[Collected data entries]
(* Let $\beta>0$, let $\tilde r_h\in\mathbb{R}^{\mathcal{S}\times\mathcal{A}}$ for $h\in[H]$, and let $d^t=(d^t_1,\dots,d^t_H)$ be a feasible occupancy measure with policies $\pi^t_h=\pi_{d^t_h}$. Let $$d^{t+1}=\arg\max_{d\in\Delta^H}\ \sum_{h=1}^H\Big(\langle d_h,\tilde r_h\rangle-\tfrac1\beta\sum_{h'=1}^h\mathcal{H}(d_{h'},d^t_{h'})\Big)\quad\text{s.t.}\quad E^Td_1=\nu_1,\ \ E^Td_h=F^Td_{h-1}\ \ \forall h\in\{2,\dots,H\}.$$ Then the policy $\pi^{t+1}_h=\pi_{d^{t+1}_h}$ with occupancy measure $d^{t+1}_h$ satisfies $$\pi^{t+1}_h(a|s)\ \propto\ \pi^t_h(a|s)\exp\Big(\frac{\beta}{H-h+1}Q^t_h(s,a)\Big),$$ where $Q^t_h$ and $V^t_h$ satisfy the recursion $V^t_{H+1}\equiv0$, $$Q^t_h=\tilde r_h+FV^t_{h+1},\qquad V^t_h(s)=\frac{H-h+1}{\beta}\log\sum_a\pi^t_h(a|s)\exp\Big(\frac{\beta}{H-h+1}Q^t_h(s,a)\Big).$$
   Context: Finite state space $\mathcal{S}$, finite action space $\mathcal{A}$, horizon $H$, transition kernel $f$, initial distribution $\nu_1$. $\Delta^H$ is the $H$-fold product of the simplex $\Delta_{\mathcal{S}\times\mathcal{A}}$. $(E^Td)(s)=\sum_ad(s,a)$; $(F^Td)(s')=\sum_{s,a}f(s'|s,a)d(s,a)$; $(Fz)(s,a)=\sum_{s'}f(s'|s,a)z(s')$. For $d\in\Delta_{\mathcal{S}\times\mathcal{A}}$, $\pi_d(a|s)=d(s,a)/\sum_{a'}d(s,a')$. Conditional relative entropy: $\mathcal{H}(d,d')=\sum_{s,a}d(s,a)\log\frac{\pi_d(a|s)}{\pi_{d'}(a|s)}$. *)

theory Defs
  imports Complex_Main
begin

▶ TRY IT:
Every entry is to be copied exactly, with none omitted.

▶ ANSWER AREA:
(* Let $\beta>0$, let $\tilde r_h\in\mathbb{R}^{\mathcal{S}\times\mathcal{A}}$ for $h\in[H]$, and let $d^t=(d^t_1,\dots,d^t_H)$ be a feasible occupancy measure with policies $\pi^t_h=\pi_{d^t_h}$. Let $$d^{t+1}=\arg\max_{d\in\Delta^H}\ \sum_{h=1}^H\Big(\langle d_h,\tilde r_h\rangle-\tfrac1\beta\sum_{h'=1}^h\mathcal{H}(d_{h'},d^t_{h'})\Big)\quad\text{s.t.}\quad E^Td_1=\nu_1,\ \ E^Td_h=F^Td_{h-1}\ \ \forall h\in\{2,\dots,H\}.$$ Then the policy $\pi^{t+1}_h=\pi_{d^{t+1}_h}$ with occupancy measure $d^{t+1}_h$ satisfies $$\pi^{t+1}_h(a|s)\ \propto\ \pi^t_h(a|s)\exp\Big(\frac{\beta}{H-h+1}Q^t_h(s,a)\Big),$$ where $Q^t_h$ and $V^t_h$ satisfy the recursion $V^t_{H+1}\equiv0$, $$Q^t_h=\tilde r_h+FV^t_{h+1},\qquad V^t_h(s)=\frac{H-h+1}{\beta}\log\sum_a\pi^t_h(a|s)\exp\Big(\frac{\beta}{H-h+1}Q^t_h(s,a)\Big).$$
   Context: Finite state space $\mathcal{S}$, finite action space $\mathcal{A}$, horizon $H$, transition kernel $f$, initial distribution $\nu_1$. $\Delta^H$ is the $H$-fold product of the simplex $\Delta_{\mathcal{S}\times\mathcal{A}}$. $(E^Td)(s)=\sum_ad(s,a)$; $(F^Td)(s')=\sum_{s,a}f(s'|s,a)d(s,a)$; $(Fz)(s,a)=\sum_{s'}f(s'|s,a)z(s')$. For $d\in\Delta_{\mathcal{S}\times\mathcal{A}}$, $\pi_d(a|s)=d(s,a)/\sum_{a'}d(s,a')$. Conditional relative entropy: $\mathcal{H}(d,d')=\sum_{s,a}d(s,a)\log\frac{\pi_d(a|s)}{\pi_{d'}(a|s)}$. *)

theory Defs
  imports Complex_Main
begin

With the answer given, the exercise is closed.